One example approach is optical microangiography (OMAG), which utilizes both OCT phase and magnitude information to deliver finely detailed angiographic images. Recently a variation of OMAG called Intensity Differentiation, which does not utilize phase information, has been proposed. Another example is split-spectrum amplitude-decorrelation angiography (SSADA), which uses only magnitude information in which spectral data is split into chunks that are separately processed based on an amplitude-decorrelation formula, and then later combined.
In OMAG, calculations are based on differences between intensity values. These difference calculations are implemented as subtractions between intensity terms, and in the case of complex operations, may be followed with taking the magnitude of the result.
With SSADA, the spectral bandwidth is split into smaller equally-sized bands.
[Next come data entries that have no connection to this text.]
lemma supported_b_h_up_set:
  assumes x: "x \<in> up_set w"
  shows "supported_on (b (h x)) (up_set w)"
  unfolding supported_on_def
proof (intro allI impI)
  fix y assume y: "b (h x) y \<noteq> 0"
  have x': "x \<in> Vn" using x by (simp add: up_set_def)
  have "kap (delta x) \<subseteq> kap (delta y)"
    using kappa_subset_kappa_delta[OF supported_b[OF h_less[OF x']] y] h_kappa[OF x'] by simp
  moreover have "y \<in> Vn" using supported_b[OF h_less[OF x']] y by (simp add: supported_on_def)
  ultimately show "y \<in> up_set w" using x by (auto simp: up_set_def)
qed

text \<open>The \<open>b\<^sub>h\<^sub>(\<^sub>x\<^sub>)\<close> with \<open>x\<close> in the up-set of \<open>w\<close> are as many independent vectors in the span of
  the \<open>\<delta>\<^sub>x\<close>, hence span it; the coefficients of \<open>\<delta>\<^sub>w\<close> form the inverse matrix.\<close>

lemma delta_in_span_up_set:
  assumes w: "w \<in> Vn"
  obtains \<gamma> where "supported_on \<gamma> (up_set w)" "\<And>z. delta w z = (\<Sum>y\<in>Vn. \<gamma> y * b (h y) z)"
proof -
  let ?U = "up_set w"
  let ?B = "(\<lambda>u. b (h u)) ` ?U"
  have U: "finite ?U" "?U \<subseteq> Vn" using finite_layer by (auto simp: up_set_def)
  have "inj_on h ?U" using inj_on_subset[OF bij_betw_imp_inj_on[OF h_bij] U(2)] .
  moreover have "inj_on b (h ` ?U)" by (rule inj_on_subset[OF inj_on_b]) (use h_less U(2) in auto)
  ultimately have inj: "inj_on (\<lambda>u. b (h u)) ?U" using comp_inj_on by (simp add: o_def)
  have "fv.independent ?B"
    using independent_b[of "h ` ?U"] h_less U(2) by (auto simp: image_image)
  moreover have "?B \<subseteq> fv.span (delta ` ?U)"
    using supported_b_h_up_set U(1) supported_on_in_span_delta by blast
  moreover have "card (delta ` ?U :: ('v \<Rightarrow> 'a) set) \<le> card ?B"
    using card_image[OF inj] card_image[OF inj_on_subset[OF inj_delta[where 'a='a and 'b='v]]] by simp
  ultimately have "delta ` ?U \<subseteq> fv.span ?B"
    using fv.span_superset_of_card_le fv_independent_delta U(1) by blast
  moreover have "w \<in> ?U" using w by (simp add: up_set_def)
  ultimately obtain c where c: "delta w = (\<Sum>v\<in>?B. (\<lambda>z. c v * v z))"
    using fv.span_finite[of ?B] U(1) by auto
  define \<gamma> where "\<gamma> y = (if y \<in> ?U then c (b (h y)) else 0)" for y
  have "delta w z = (\<Sum>y\<in>Vn. \<gamma> y * b (h y) z)" for z
  proof -
    have "(\<Sum>y\<in>Vn. \<gamma> y * b (h y) z) = (\<Sum>y\<in>?U. c (b (h y)) * b (h y) z)"
      using U by (intro sum.mono_neutral_cong_right) (auto simp: \<gamma>_def finite_layer)
    also have "\<dots> = (\<Sum>v\<in>?B. c v * v z)" by (simp add: sum.reindex[OF inj])
    finally show ?thesis by (simp add: c sum_fun_apply)
  qed
  moreover have "supported_on \<gamma> ?U" by (simp add: \<gamma>_def supported_on_def)
  ultimately show thesis using that by blast
qed

lemma obtain_left_inverse_up_set:
  obtains \<gamma> where "\<And>w. w \<in> Vn \<Longrightarrow> supported_on (\<gamma> w) (up_set w)"
    "\<And>w z. w \<in> Vn \<Longrightarrow> (\<Sum>y\<in>Vn. \<gamma> w y * b (h y) z) = delta w z"
proof -
  have "\<forall>w\<in>Vn. \<exists>c. supported_on c (up_set w) \<and> (\<forall>z. (\<Sum>y\<in>Vn. c y * b (h y) z) = delta w z)"
  proof
    fix w assume "w \<in> Vn"
    then obtain c where "supported_on c (up_set w)" "\<And>z. delta w z = (\<Sum>y\<in>Vn. c y * b (h y) z)"
      using delta_in_span_up_set by blast
    then show "\<exists>c. supported_on c (up_set w) \<and> (\<forall>z. (\<Sum>y\<in>Vn. c y * b (h y) z) = delta w z)"
      by auto
  qed
  then show thesis using that by (metis bchoice)
qed

lemma kappa_compatible_b_h: "kappa_compatible (\<lambda>v. b (h v))"
  using supported_b h_less h_kappa by (simp add: kappa_compatible_def)

lemma b_h_coefficients_zero:
  assumes "\<And>z. (\<Sum>x\<in>Vn. c x * b (h x) z) = 0" "y \<in> Vn"
  shows "c y = 0"
proof -
  define \<alpha> where "\<alpha> i = c (inv_into Vn h i)" for i
  have "(\<Sum>i<k. \<alpha> i * b i z) = (\<Sum>x\<in>Vn. c x * b (h x) z)" for z
    using sum.reindex_bij_betw[OF h_bij, of "\<lambda>i. \<alpha> i * b i z"] h_bij
    by (auto simp: \<alpha>_def bij_betw_def intro: sum.cong)
  then have "\<alpha> (h y) = 0" using b_coefficients_zero assms h_less by metis
  then show ?thesis using h_bij assms(2) by (simp add: \<alpha>_def bij_betw_def)
qed

end

lemma upper_vertex_like: "upper_vertex_like V lev E n b"
proof -
  obtain h where h: "bij_betw h Vn {..<k}" "\<And>u. u \<in> Vn \<Longrightarrow> kap (b (h u)) = kap (delta u)"
    using obtain_kappa_matching by blast
  define \<phi> where "\<phi> = (\<lambda>v. b (h v))"
  obtain \<gamma> where \<gamma>: "\<And>w. w \<in> Vn \<Longrightarrow> supported_on (\<gamma> w) (up_set w)"
    and \<gamma>\<phi>: "\<And>w z. w \<in> Vn \<Longrightarrow> (\<Sum>y\<in>Vn. \<gamma> w y * \<phi> y z) = delta w z"
    using obtain_left_inverse_up_set[OF h] unfolding \<phi>_def by blast
  have \<phi>: "kappa_compatible \<phi>" and \<gamma>': "kappa_compatible \<gamma>"
    using kappa_compatible_b_h[OF h] kappa_compatible_supported_up_set[OF \<gamma>]
    by (simp_all add: \<phi>_def)
  have \<phi>\<gamma>: "(\<Sum>y\<in>Vn. \<phi> v y * \<gamma> y z) = delta v z" if "v \<in> Vn" for v z
    using right_inverse_if_left_inverse[OF finite_layer _ \<gamma>\<phi> _ that]
      b_h_coefficients_zero[OF h] \<phi> \<gamma>' by (auto simp: \<phi>_def kappa_compatible_def)
  have "\<phi> ` Vn = b ` {..<k}" using h(1) by (simp add: \<phi>_def bij_betw_def image_image[symmetric])
  then show ?thesis using upper_vertex_like_if_inverse[OF \<phi> \<gamma>' \<phi>\<gamma> \<gamma>\<phi>] by simp
qed

end

theorem mainTheorem14:
  fixes V :: "'v set" and lev :: "'v \<Rightarrow> nat" and E :: "('v \<times> 'v) set"
    and n :: nat and b :: "nat \<Rightarrow> 'v \<Rightarrow> 'a::field"
  assumes "layered_graph V lev E"
    and "uniform V lev E"
    and "card (layer V lev 0) = 1"
    and "2 \<le> n"
    and "is_basis_Bn V lev n b"
    and "\<forall>i < card (layer V lev n). \<forall>a \<in> layer V lev n.
           \<not> in_lin_span (delta a) b i \<longrightarrow>
           fdim (kappa V lev E n (delta a)) \<le> fdim (kappa V lev E n (b i))"
  shows "upper_vertex_like V lev E n b"
proof -
  interpret top_layer V lev E n using assms(1,4) by unfold_locales
  txt \<open>The hypothesis measures \<open>\<kappa>\<^sub>a\<close> over an arbitrary field (the type of \<open>delta a\<close> inside
    \<open>fdim\<close> is not tied to \<open>'a\<close>); this is harmless since its dimension is field-independent.\<close>
  have "fv.dim (kappa V lev E n (delta a :: 'v \<Rightarrow> 'a)) \<le> fv.dim (kappa V lev E n (b i))"
    if "i < card (layer V lev n)" "a \<in> layer V lev n" "\<not> in_lin_span (delta a) b i" for i a
    using assms(6)[rule_format, OF that] by (simp only: dim_kappa_delta[OF that(2)])
  then interpret greedy_basis V lev E n b using assms(5) by unfold_locales
  show ?thesis by (rule upper_vertex_like)
qed

end
(* Let $(A,d)$ and $(A',d')$ be unital dg-algebras over $\mathbb{R}$, let $l\ge 2$, and let $f_i\in \mathrm{Hom}^0(A[1]^{\otimes i},A'[1])$, $i=1,\dots,l-1$, be linear maps such that $f_1$ is unital, i.e. $f_1(1)=1$, and $f_2,\dots,f_{l-1}$ are normal. Define the multilinear map $\Psi_l[f_1,\dots,f_{l-1}]: A[1]^{\otimes l}\to A'[1]$ by $$\Psi_l[f_1,\ldots,f_{l-1}](a_1,\ldots,a_l)=\sum_{i=1}^{l-1}(-1)^{\bar a_1+\cdots+\bar a_i}f_{l-1}(a_1,\ldots,a_ia_{i+1},\ldots,a_l)-\sum_{i=1}^{l-1}(-1)^{\bar a_1+\cdots+\bar a_i}f_i(a_1,\ldots,a_i)\,f_{l-i}(a_{i+1},\ldots,a_l)$$ for homogeneous $a_1,\dots,a_l$, where products are taken in $A$ resp. $A'$. Then $\Psi_l[f_1,\dots,f_{l-1}]$ is normal.
   Context: For a graded vector space $A=\bigoplus A_n$, the shifted space $A[1]$ has $A[1]_n=A_{n+1}$; for homogeneous $a$ one writes $\bar a=\deg a-1$ for its degree in $A[1]$, where $\deg a$ is its degree in $A$. $\mathrm{Hom}^0$ denotes degree-preserving linear maps. A multilinear map $f: A[1]^{\otimes l}\to A'[1]$ is called normal if $f(a_1,\dots,a_l)=0$ whenever some argument $a_i$ equals the unit $1\in A$. *)

theory Defs
  imports Complex_Main
begin

definition graded_vs :: "(int \<Rightarrow> 'a::real_vector set) \<Rightarrow> bool" where
  "graded_vs G \<longleftrightarrow> (\<forall>n. subspace (G n)) \<and>
     (\<forall>x. \<exists>!c. finite {n. c n \<noteq> 0} \<and> (\<forall>n. c n \<in> G n) \<and> x = (\<Sum>n\<in>{n. c n \<noteq> 0}. c n))"

definition unital_dg_algebra :: "(int \<Rightarrow> 'a::real_algebra_1 set) \<Rightarrow> ('a \<Rightarrow> 'a) \<Rightarrow> bool" where
  "unital_dg_algebra G d \<longleftrightarrow> graded_vs G \<and> 1 \<in> G 0 \<and>
     (\<forall>m n x y. x \<in> G m \<longrightarrow> y \<in> G n \<longrightarrow> x * y \<in> G (m + n)) \<and>
     linear d \<and> (\<forall>n x. x \<in> G n \<longrightarrow> d x \<in> G (n + 1)) \<and> (\<forall>x. d (d x) = 0) \<and>
     (\<forall>n x y. x \<in> G n \<longrightarrow> d (x * y) = d x * y + (if even n then 1 else -1) *\<^sub>R (x * d y))"

definition multilinear :: "nat \<Rightarrow> ('a::real_vector list \<Rightarrow> 'b::real_vector) \<Rightarrow> bool" where
  "multilinear i f \<longleftrightarrow> (\<forall>as k. length as = i \<longrightarrow> k < i \<longrightarrow> linear (\<lambda>x. f (as[k := x])))"

text \<open>Elements of Hom^0(A[1]^{\<otimes>i}, A'[1]): multilinear and of degree 0 for the shifted
  grading (an element of A_n has degree n - 1 in A[1]).\<close>
definition hom0_shift :: "(int \<Rightarrow> 'a::real_vector set) \<Rightarrow> (int \<Rightarrow> 'b::real_vector set) \<Rightarrow> nat
    \<Rightarrow> ('a list \<Rightarrow> 'b) \<Rightarrow> bool" where
  "hom0_shift G G' i f \<longleftrightarrow> multilinear i f \<and>
     (\<forall>as ns. length as = i \<longrightarrow> length ns = i \<longrightarrow> (\<forall>k<i. as ! k \<in> G (ns ! k)) \<longrightarrow>
        f as \<in> G' (sum_list (map (\<lambda>n. n - 1) ns) + 1))"

definition normal_map :: "nat \<Rightarrow> ('a::real_algebra_1 list \<Rightarrow> 'b::zero) \<Rightarrow> bool" where
  "normal_map i f \<longleftrightarrow> (\<forall>as. length as = i \<longrightarrow> 1 \<in> set as \<longrightarrow> f as = 0)"

definition sgn_pow :: "int \<Rightarrow> real" where
  "sgn_pow k = (if even k then 1 else -1)"

text \<open>Psi_l[f_1,...,f_{l-1}] evaluated on homogeneous arguments as (0-indexed list of
  length l) with as ! k \<in> A_(ns ! k); the shifted degree is ns ! k - 1.\<close>
definition Psi :: "(nat \<Rightarrow> 'a::real_algebra_1 list \<Rightarrow> 'b::real_algebra_1) \<Rightarrow> nat \<Rightarrow> int list \<Rightarrow> 'a list \<Rightarrow> 'b" where
  "Psi f l ns as =
     (\<Sum>i=1..l-1. sgn_pow (\<Sum>k<i. ns ! k - 1) *\<^sub>R
         f (l - 1) (take (i - 1) as @ [as ! (i - 1) * as ! i] @ drop (i + 1) as))
   - (\<Sum>i=1..l-1. sgn_pow (\<Sum>k<i. ns ! k - 1) *\<^sub>R (f i (take i as) * f (l - i) (drop i as)))"

end

theory Submission
  imports Defs
begin

(* The grading of A is a direct sum decomposition, so the unit lies in A_0 only and has
   degree -1 in A[1]. If the unit is an inner argument a_p, the two contraction terms
   a_(p-1) * 1 and 1 * a_(p+1) coincide but carry opposite signs, and every other term of
   Psi contains a unit argument of a normal map. If the unit is the first or last argument,
   only one contraction and one splitting term survive, and they agree because f_1(1) = 1. *)

lemma graded_vs_degree_unique:
  assumes "graded_vs G" and "x \<noteq> 0" and "x \<in> G m" and "x \<in> G n"
  shows "m = n"
proof (rule ccontr)
  assume "m \<noteq> n"
  have zero: "0 \<in> G k" for k
    using assms(1) subspace_0 unfolding graded_vs_def by blast
  have unique: "\<exists>!c. finite {k. c k \<noteq> 0} \<and> (\<forall>k. c k \<in> G k) \<and> x = (\<Sum>k\<in>{k. c k \<noteq> 0}. c k)"
    using assms(1) unfolding graded_vs_def by blast
  have concentrated: "finite {k. c k \<noteq> 0} \<and> (\<forall>k. c k \<in> G k) \<and> x = (\<Sum>k\<in>{k. c k \<noteq> 0}. c k)"
    if "c = (\<lambda>k. if k = j then x else 0)" and "x \<in> G j" for c j
  proof -
    have "{k. c k \<noteq> 0} = {j}" using that assms(2) by auto
    then show ?thesis using that zero by auto
  qed
  define c where "c = (\<lambda>k. if k = m then x else 0)"
  define c' where "c' = (\<lambda>k. if k = n then x else 0)"
  have "c = c'"
    using unique concentrated[OF c_def assms(3)] concentrated[OF c'_def assms(4)] by blast
  then have "c m = c' m" by simp
  then show False
    using \<open>m \<noteq> n\<close> assms(2) by (simp add: c_def c'_def)
qed

lemma unital_dg_algebra_one_degree:
  assumes "unital_dg_algebra G d" and "1 \<in> G n"
  shows "n = 0"
  using assms graded_vs_degree_unique[of G 1 n 0] unfolding unital_dg_algebra_def by auto

definition merge_adjacent :: "nat \<Rightarrow> 'a::times list \<Rightarrow> 'a list" where
  "merge_adjacent k as = take k as @ [as ! k * as ! Suc k] @ drop (Suc (Suc k)) as"

lemma length_merge_adjacent:
  "Suc k < length as \<Longrightarrow> length (merge_adjacent k as) = length as - 1"
  unfolding merge_adjacent_def by simp

lemma merge_adjacent_one_left:
  fixes as :: "'a::monoid_mult list"
  assumes "as ! k = 1" and "Suc k < length as"
  shows "merge_adjacent k as = take k as @ drop (Suc k) as"
  using assms unfolding merge_adjacent_def by (simp add: Cons_nth_drop_Suc)

lemma merge_adjacent_one_right:
  fixes as :: "'a::monoid_mult list"
  assumes "as ! Suc k = 1" and "Suc k < length as"
  shows "merge_adjacent k as = take (Suc k) as @ drop (Suc (Suc k)) as"
  using assms unfolding merge_adjacent_def by (simp add: take_Suc_conv_app_nth)

lemma nth_mem_take: "j < i \<Longrightarrow> j < length xs \<Longrightarrow> xs ! j \<in> set (take i xs)"
  using nth_mem[of j "take i xs"] by simp

lemma nth_mem_drop: "i \<le> j \<Longrightarrow> j < length xs \<Longrightarrow> xs ! j \<in> set (drop i xs)"
  using nth_mem[of "j - i" "drop i xs"] by simp

lemma nth_mem_merge_adjacent:
  assumes "j \<noteq> k" and "j \<noteq> Suc k" and "j < length as"
  shows "as ! j \<in> set (merge_adjacent k as)"
proof (cases "j < k")
  case True
  then show ?thesis unfolding merge_adjacent_def using assms by (simp add: nth_mem_take)
next
  case False
  then show ?thesis unfolding merge_adjacent_def using assms by (simp add: nth_mem_drop)
qed

definition koszul_sign :: "int list \<Rightarrow> nat \<Rightarrow> real" where
  "koszul_sign ns i = sgn_pow (\<Sum>k<i. ns ! k - 1)"

lemma koszul_sign_Suc_degree_0:
  "ns ! p = 0 \<Longrightarrow> koszul_sign ns (Suc p) = - koszul_sign ns p"
  unfolding koszul_sign_def sgn_pow_def by auto

lemma Psi_eq_merge_adjacent:
  "Psi f l ns as =
     (\<Sum>i=1..l-1. koszul_sign ns i *\<^sub>R f (l - 1) (merge_adjacent (i - 1) as))
   - (\<Sum>i=1..l-1. koszul_sign ns i *\<^sub>R (f i (take i as) * f (l - i) (drop i as)))"
  unfolding Psi_def koszul_sign_def merge_adjacent_def
  by (intro arg_cong2[where f = minus] sum.cong) (auto simp: Suc_diff_le)

context
  fixes f :: "nat \<Rightarrow> 'a::real_algebra_1 list \<Rightarrow> 'b::real_algebra_1" and l :: nat
    and as :: "'a list" and p :: nat
  assumes normal: "\<forall>i\<in>{2..l-1}. normal_map i (f i)"
    and length_as: "length as = l" and unit_pos: "p < l" and unit: "as ! p = 1"
begin

lemma merge_term_eq_0:
  assumes "i \<in> {1..l-1}" and "i \<noteq> p" and "i \<noteq> Suc p"
  shows "f (l - 1) (merge_adjacent (i - 1) as) = 0"
proof -
  have "1 \<in> set (merge_adjacent (i - 1) as)"
    using nth_mem_merge_adjacent[of p "i - 1" as] assms unit unit_pos length_as by auto
  moreover have "l - 1 \<in> {2..l-1}" using assms unit_pos by auto
  ultimately show ?thesis
    using normal assms length_as length_merge_adjacent[of "i - 1" as]
    unfolding normal_map_def by auto
qed

lemma split_term_eq_0:
  assumes "i \<in> {1..l-1}" and "\<not> (i = 1 \<and> p = 0)" and "\<not> (i = l - 1 \<and> p = l - 1)"
  shows "f i (take i as) * f (l - i) (drop i as) = 0"
proof (cases "p < i")
  case True
  then have "1 \<in> set (take i as)" and "i \<in> {2..l-1}"
    using nth_mem_take[of p i as] assms unit unit_pos length_as by auto
  then have "f i (take i as) = 0"
    using normal length_as assms unfolding normal_map_def by auto
  then show ?thesis by simp
next
  case False
  then have "1 \<in> set (drop i as)" and "l - i \<in> {2..l-1}"
    using nth_mem_drop[of i p as] assms unit unit_pos length_as by auto
  then have "f (l - i) (drop i as) = 0"
    using normal length_as assms unfolding normal_map_def by auto
  then show ?thesis by simp
qed

lemma Psi_unit_first:
  assumes "p = 0" and "2 \<le> l" and "f 1 [1] = 1"
  shows "Psi f l ns as = 0"
proof -
  have take_1: "take 1 as = [1]" and merge_0: "merge_adjacent 0 as = drop 1 as"
    using assms unit length_as merge_adjacent_one_left[of as 0]
    by (auto simp: take_Suc_conv_app_nth)
  have "(\<Sum>i=1..l-1. koszul_sign ns i *\<^sub>R f (l - 1) (merge_adjacent (i - 1) as))
      = koszul_sign ns 1 *\<^sub>R f (l - 1) (drop 1 as)"
    using merge_term_eq_0 assms merge_0
    by (subst sum.mono_neutral_right[where S = "{1}"]) auto
  moreover have "(\<Sum>i=1..l-1. koszul_sign ns i *\<^sub>R (f i (take i as) * f (l - i) (drop i as)))
      = koszul_sign ns 1 *\<^sub>R f (l - 1) (drop 1 as)"
    using split_term_eq_0 assms take_1
    by (subst sum.mono_neutral_right[where S = "{1}"]) auto
  ultimately show ?thesis
    by (simp add: Psi_eq_merge_adjacent)
qed

lemma Psi_unit_last:
  assumes "p = l - 1" and "2 \<le> l" and "f 1 [1] = 1"
  shows "Psi f l ns as = 0"
proof -
  have drop_last: "drop (l - 1) as = [1]"
    using assms unit length_as Cons_nth_drop_Suc[of "l - 1" as] by simp
  have merge_last: "merge_adjacent (l - 2) as = take (l - 1) as"
    using assms unit length_as merge_adjacent_one_right[of as "l - 2"]
    by (simp add: Suc_diff_Suc numeral_2_eq_2)
  have "(\<Sum>i=1..l-1. koszul_sign ns i *\<^sub>R f (l - 1) (merge_adjacent (i - 1) as))
      = koszul_sign ns (l - 1) *\<^sub>R f (l - 1) (take (l - 1) as)"
    using merge_term_eq_0 assms merge_last
    by (subst sum.mono_neutral_right[where S = "{l - 1}"]) (auto simp: numeral_2_eq_2)
  moreover have "(\<Sum>i=1..l-1. koszul_sign ns i *\<^sub>R (f i (take i as) * f (l - i) (drop i as)))
      = koszul_sign ns (l - 1) *\<^sub>R f (l - 1) (take (l - 1) as)"
    using split_term_eq_0 assms drop_last
    by (subst sum.mono_neutral_right[where S = "{l - 1}"]) auto
  ultimately show ?thesis
    by (simp add: Psi_eq_merge_adjacent)
qed

lemma Psi_unit_inner:
  assumes "0 < p" and "p < l - 1" and "ns ! p = 0"
  shows "Psi f l ns as = 0"
proof -
  have merges_agree: "merge_adjacent (p - 1) as = merge_adjacent p as"
    using assms unit length_as merge_adjacent_one_left[of as p] merge_adjacent_one_right[of as "p - 1"]
    by simp
  have "(\<Sum>i=1..l-1. koszul_sign ns i *\<^sub>R f (l - 1) (merge_adjacent (i - 1) as))
      = (\<Sum>i\<in>{p, Suc p}. koszul_sign ns i *\<^sub>R f (l - 1) (merge_adjacent (i - 1) as))"
    using merge_term_eq_0 assms by (intro sum.mono_neutral_right) auto
  also have "\<dots> = 0"
    using merges_agree koszul_sign_Suc_degree_0[OF assms(3)] by simp
  finally show ?thesis
    using split_term_eq_0 assms by (simp add: Psi_eq_merge_adjacent)
qed

end

theorem proposition2:
  fixes G :: "int \<Rightarrow> 'a::real_algebra_1 set" and d :: "'a \<Rightarrow> 'a"
    and G' :: "int \<Rightarrow> 'b::real_algebra_1 set" and d' :: "'b \<Rightarrow> 'b"
    and f :: "nat \<Rightarrow> 'a list \<Rightarrow> 'b" and l :: nat
  assumes "unital_dg_algebra G d" and "unital_dg_algebra G' d'"
    and "l \<ge> 2"
    and "\<forall>i\<in>{1..l-1}. hom0_shift G G' i (f i)"
    and "f 1 [1] = 1"
    and "\<forall>i\<in>{2..l-1}. normal_map i (f i)"
  shows "\<forall>as ns. length as = l \<longrightarrow> length ns = l \<longrightarrow> (\<forall>k<l. as ! k \<in> G (ns ! k)) \<longrightarrow>
           1 \<in> set as \<longrightarrow> Psi f l ns as = 0"
proof (intro allI impI)
  fix as :: "'a list" and ns :: "int list"
  assume length_as: "length as = l" and homogeneous: "\<forall>k<l. as ! k \<in> G (ns ! k)"
    and "1 \<in> set as"
  then obtain p where p: "p < l" and unit: "as ! p = 1"
    by (metis in_set_conv_nth)
  have "ns ! p = 0"
    using unital_dg_algebra_one_degree[OF assms(1)] homogeneous p unit by metis
  note Psi_unit = Psi_unit_first Psi_unit_last Psi_unit_inner
  consider "p = 0" | "p = l - 1" | "0 < p \<and> p < l - 1"
    using p by linarith
  then show "Psi f l ns as = 0"
    using Psi_unit[OF assms(6) length_as p unit] assms(3,5) \<open>ns ! p = 0\<close> by cases auto
qed

end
This is illustrated in FIG. 1, whereby the total bandwidth (BW) is split into four sub-bands (bw1, bw2, bw3, and bw4) to produce four interferograms I′(x,k′) corresponding to each of the four sub-bands. For each sub-band: (1) A window function is applied; (2) Images are constructed; and (3) Angiographic calculations, using an amplitude-decorrelation formula, are performed between adjacent frames. Then, the decorrelations among all frame combinations are averaged. B-scans that might not match the other B-scans may be excluded. This can serve to reduce motion artifacts that manifest as bright lines that may span an en-face angiogram from one end to the other.